A join query is a querying technique that matches rows from two or more tables based on a join condition in a WHERE clause and outputs only those rows that meet the condition. As part of the process of converting the winestore entity-relationship model to SQL statements, we have included the attributes required in any practical join condition.

To understand which tables can be joined in the winestore database, and how the joins are processed, it is helpful to have a copy of the ER model at hand.

Beware of the Cartesian Product

Oddly, the easiest way to introduce join queries is to discuss what not to do. Consider this query, which we might intuitively, but wrongly, use to find all the wineries in a region:

SELECT winery_name,region_name FROM winery, region;

This query produces-in part-the following results:

| winery_name                   | region_name |
| Ryan Ridge Winery             | Victoria    |
| Macdonald Creek Premium Wines | Victoria    |
| Davie's                       | Victoria    |
| Porkenberger Brook Vineyard   | Victoria    |
| Rowley Hill Vineyard          | Victoria    |

The impression here is that, for example, Ryan Ridge Winery is located in the Victoria region. This might not be the case. Why? First, you can use the techniques covered so far in this chapter to check which region Ryan Ridge Winery is located in:

SELECT region_id FROM winery
  WHERE winery_name='Ryan Ridge Winery';

The result is region_id=2.

Now query the region table to find the name of region_id=2 using:

SELECT region_name FROM region
  WHERE region_id=2;

The region_name is South Australia. So, Ryan Ridge Winery isn't in Victoria at all!
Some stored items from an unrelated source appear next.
lemma yy_center_imp_triangular:
  fixes L :: "('a::euclidean_space \<Rightarrow> real) list"
  assumes aff: "\<forall>l\<in>set L. affine_form l" and len: "length L = DIM('a)"
    and \<mu>: "\<mu> \<in> meas_M" and center: "yy_center \<mu> L x"
  obtains vt where "triangular (map linear_part L) vt"
    "\<forall>\<sigma>. length \<sigma> \<le> length L \<longrightarrow>
       emeasure \<mu> (yy_cone (map linear_part L) vt x \<sigma>) = emeasure \<mu> UNIV / 2^length \<sigma>"
proof -
  obtain P where P: "yy_adapted UNIV L P x" "yy_equipartition \<mu> P"
    using center unfolding yy_center_def by blast
  obtain vt where vt: "P = (\<lambda>\<sigma>. UNIV \<inter> yy_cone (map linear_part L) vt x \<sigma>) ` {\<sigma>. length \<sigma> = length L}"
    "triangular_frame (map linear_part L) vt"
    using yy_adapted_imp_yy_cones[OF P(1), of "[]"] aff by auto
  have tri: "triangular (map linear_part L) vt"
    using vt(2) aff linear_linear_part unfolding triangular_def by auto
  have "emeasure \<mu> (yy_cone (map linear_part L) vt x \<sigma>) = emeasure \<mu> UNIV / 2^length (map linear_part L)"
    if "length \<sigma> = length (map linear_part L)" for \<sigma>
    using P(2) vt(1) that len unfolding yy_equipartition_def by auto
  then show ?thesis using that tri triangular.emeasure_yy_cone[OF tri \<mu>] by simp
qed

lemma yy_center_coord_not_less:
  fixes L :: "('a::euclidean_space \<Rightarrow> real) list"
  assumes aff: "\<forall>l\<in>set L. affine_form l" and len: "length L = DIM('a)" and k: "k \<le> length L"
    and \<mu>: "\<mu> \<in> meas_Mstar" and \<nu>: "\<nu> \<in> meas_M"
    and agree: "\<forall>A\<in>coord_sigma L k. emeasure \<mu> A = emeasure \<nu> A"
    and x: "yy_center \<mu> L x" and y: "yy_center \<nu> L y"
    and j: "j < k" "\<forall>i<j. (L!i) x = (L!i) y"
  shows "\<not> (L!j) y < (L!j) x"
proof
  assume lt: "(L!j) y < (L!j) x"
  let ?fs = "map linear_part L"
  obtain vtx where tx: "triangular ?fs vtx"
    and mx: "\<forall>\<sigma>. length \<sigma> \<le> length L \<longrightarrow> emeasure \<mu> (yy_cone ?fs vtx x \<sigma>) = emeasure \<mu> UNIV / 2^length \<sigma>"
    using yy_center_imp_triangular[OF aff len _ x] \<mu> unfolding meas_Mstar_def by blast
  obtain vty where ty: "triangular ?fs vty"
    and my: "\<forall>\<tau>. length \<tau> \<le> length L \<longrightarrow> emeasure \<nu> (yy_cone ?fs vty y \<tau>) = emeasure \<nu> UNIV / 2^length \<tau>"
    using yy_center_imp_triangular[OF aff len \<nu> y] by blast
  interpret two_frames ?fs vtx vty x y using tx ty by (simp add: two_frames_def)
  have "(?fs!i) (x - y) = (L!i) x - (L!i) y" if "i < length L" for i
    using affine_form_diff[of "L!i" x y] aff that by simp
  then have "matched [] [] j" using j k lt by (intro matched_root) auto
  then obtain \<sigma> \<tau> where \<sigma>: "length \<sigma> \<le> Suc j" and nested: "strictly_nested \<sigma> \<tau>"
    using matched_imp_strictly_nested by blast
  then have lens: "length \<tau> = length \<sigma>" "length \<sigma> \<le> k" using j by (auto simp: strictly_nested_def)
  have "UNIV \<in> coord_sigma L k" unfolding coord_sigma_def by (rule sigma_sets_top)
  then have UNIV: "emeasure \<mu> UNIV = emeasure \<nu> UNIV" using agree by simp
  have "yy_cone ?fs vtx x \<sigma> \<in> sets borel" "yy_cone ?fs vty y \<tau> \<in> sets borel"
    using closed_yy_cone[OF X.linear_forms] lens k by auto
  then have "emeasure \<mu> (yy_cone ?fs vtx x \<sigma>) < emeasure \<mu> (yy_cone ?fs vty y \<tau>)"
    using nested emeasure_less_of_open_gap[OF \<mu>] unfolding strictly_nested_def by blast
  also have "\<dots> = emeasure \<nu> (yy_cone ?fs vty y \<tau>)"
    using agree yy_cone_in_coord_sigma[OF aff _ k] lens by simp
  also have "\<dots> = emeasure \<mu> (yy_cone ?fs vtx x \<sigma>)"
    using mx my lens k UNIV by simp
  finally show False by simp
qed

lemma yy_centers_coords_eq:
  fixes L :: "('a::euclidean_space \<Rightarrow> real) list"
  assumes aff: "\<forall>l\<in>set L. affine_form l" and len: "length L = DIM('a)" and k: "k \<le> length L"
    and \<mu>: "\<mu> \<in> meas_Mstar" and \<nu>: "\<nu> \<in> meas_Mstar"
    and agree: "\<forall>A\<in>coord_sigma L k. emeasure \<mu> A = emeasure \<nu> A"
    and x: "yy_center \<mu> L x" and y: "yy_center \<nu> L y"
  shows "\<forall>i<k. (L!i) x = (L!i) y"
proof (rule ccontr)
  assume "\<not> (\<forall>i<k. (L!i) x = (L!i) y)"
  then obtain j where j: "j < k" "(L!j) x \<noteq> (L!j) y"
    and "\<forall>i<j. \<not> (i < k \<and> (L!i) x \<noteq> (L!i) y)"
    using exists_least_iff[of "\<lambda>i. i < k \<and> (L!i) x \<noteq> (L!i) y"] by blast
  then have below: "\<forall>i<j. (L!i) x = (L!i) y" by auto
  have "\<mu> \<in> meas_M" "\<nu> \<in> meas_M" using \<mu> \<nu> unfolding meas_Mstar_def by auto
  have "\<not> (L!j) y < (L!j) x"
    by (rule yy_center_coord_not_less[OF aff len k \<mu> \<open>\<nu> \<in> meas_M\<close> agree x y j(1) below])
  moreover have "\<forall>A\<in>coord_sigma L k. emeasure \<nu> A = emeasure \<mu> A" "\<forall>i<j. (L!i) y = (L!i) x"
    using agree below by simp_all
  then have "\<not> (L!j) x < (L!j) y"
    by (intro yy_center_coord_not_less[OF aff len k \<nu> \<open>\<mu> \<in> meas_M\<close> _ y x j(1)])
  ultimately show False using j(2) by simp
qed

theorem proposition10:
  fixes L :: "('a::euclidean_space \<Rightarrow> real) list"
  assumes "coord_system L"
  shows "(\<forall>\<mu> x y. \<mu> \<in> meas_Mstar \<and> yy_center \<mu> L x \<and> yy_center \<mu> L y \<longrightarrow> x = y) \<and>
         (\<forall>k \<mu> \<nu> x y. 1 \<le> k \<and> k \<le> DIM('a) \<and> \<mu> \<in> meas_Mstar \<and> \<nu> \<in> meas_Mstar \<and>
            (\<forall>A\<in>coord_sigma L k. emeasure \<mu> A = emeasure \<nu> A) \<and>
            yy_center \<mu> L x \<and> yy_center \<nu> L y
            \<longrightarrow> (\<forall>i<k. (L ! i) x = (L ! i) y))"
proof -
  have len: "length L = DIM('a)" and aff: "\<forall>l\<in>set L. affine_form l"
    and inj: "inj (\<lambda>z. map (\<lambda>l. l z) L)"
    using assms unfolding coord_system_def bij_betw_def by auto
  show ?thesis
  proof (intro conjI allI impI)
    fix \<mu> x y assume "\<mu> \<in> meas_Mstar \<and> yy_center \<mu> L x \<and> yy_center \<mu> L y"
    then have "\<forall>i<length L. (L!i) x = (L!i) y" using yy_centers_coords_eq[OF aff len order_refl] by blast
    then have "map (\<lambda>l. l x) L = map (\<lambda>l. l y) L" by (simp add: list_eq_iff_nth_eq)
    then show "x = y" by (rule injD[OF inj])
  next
    fix k \<mu> \<nu> x y i
    assume "1 \<le> k \<and> k \<le> DIM('a) \<and> \<mu> \<in> meas_Mstar \<and> \<nu> \<in> meas_Mstar \<and>
      (\<forall>A\<in>coord_sigma L k. emeasure \<mu> A = emeasure \<nu> A) \<and> yy_center \<mu> L x \<and> yy_center \<nu> L y"
      and "i < k"
    then show "(L!i) x = (L!i) y"
      using yy_centers_coords_eq[OF aff len, of k \<mu> \<nu> x y] len by simp
  qed
qed

end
What happened in the first attempt at a join query? The technical answer is that you just evaluated a cartesian product; that is, you produced as output all the possible combinations of wineries and regions. These odd results can be seen if you add an ORDER BY clause to the original query:

SELECT winery_name, region_name FROM winery, region
  ORDER BY winery_name, region_name;

Recall that the ORDER BY clause sorts the results after the query has been evaluated; it has no effect on which rows are returned from the query. Here is the first part of the result of the query with the ORDER BY clause:

| winery_name          | region_name       |
| Anderson Creek Wines | New South Wales   |
| Anderson Creek Wines | South Australia   |
| Anderson Creek Wines | Victoria          |
| Anderson Creek Wines | Western Australia |
| Anderson Group       | New South Wales   |
| Anderson Group       | South Australia   |
| Anderson Group       | Victoria          |
| Anderson Group       | Western Australia |

The query produces all possible combinations of the four region names and 300 wineries in the sample database! In fact, the size of the output can be accurately calculated as the total number of rows in the first table multiplied by the total rows in the second table. In this case, the output is 4 x 300 = 1,200 rows.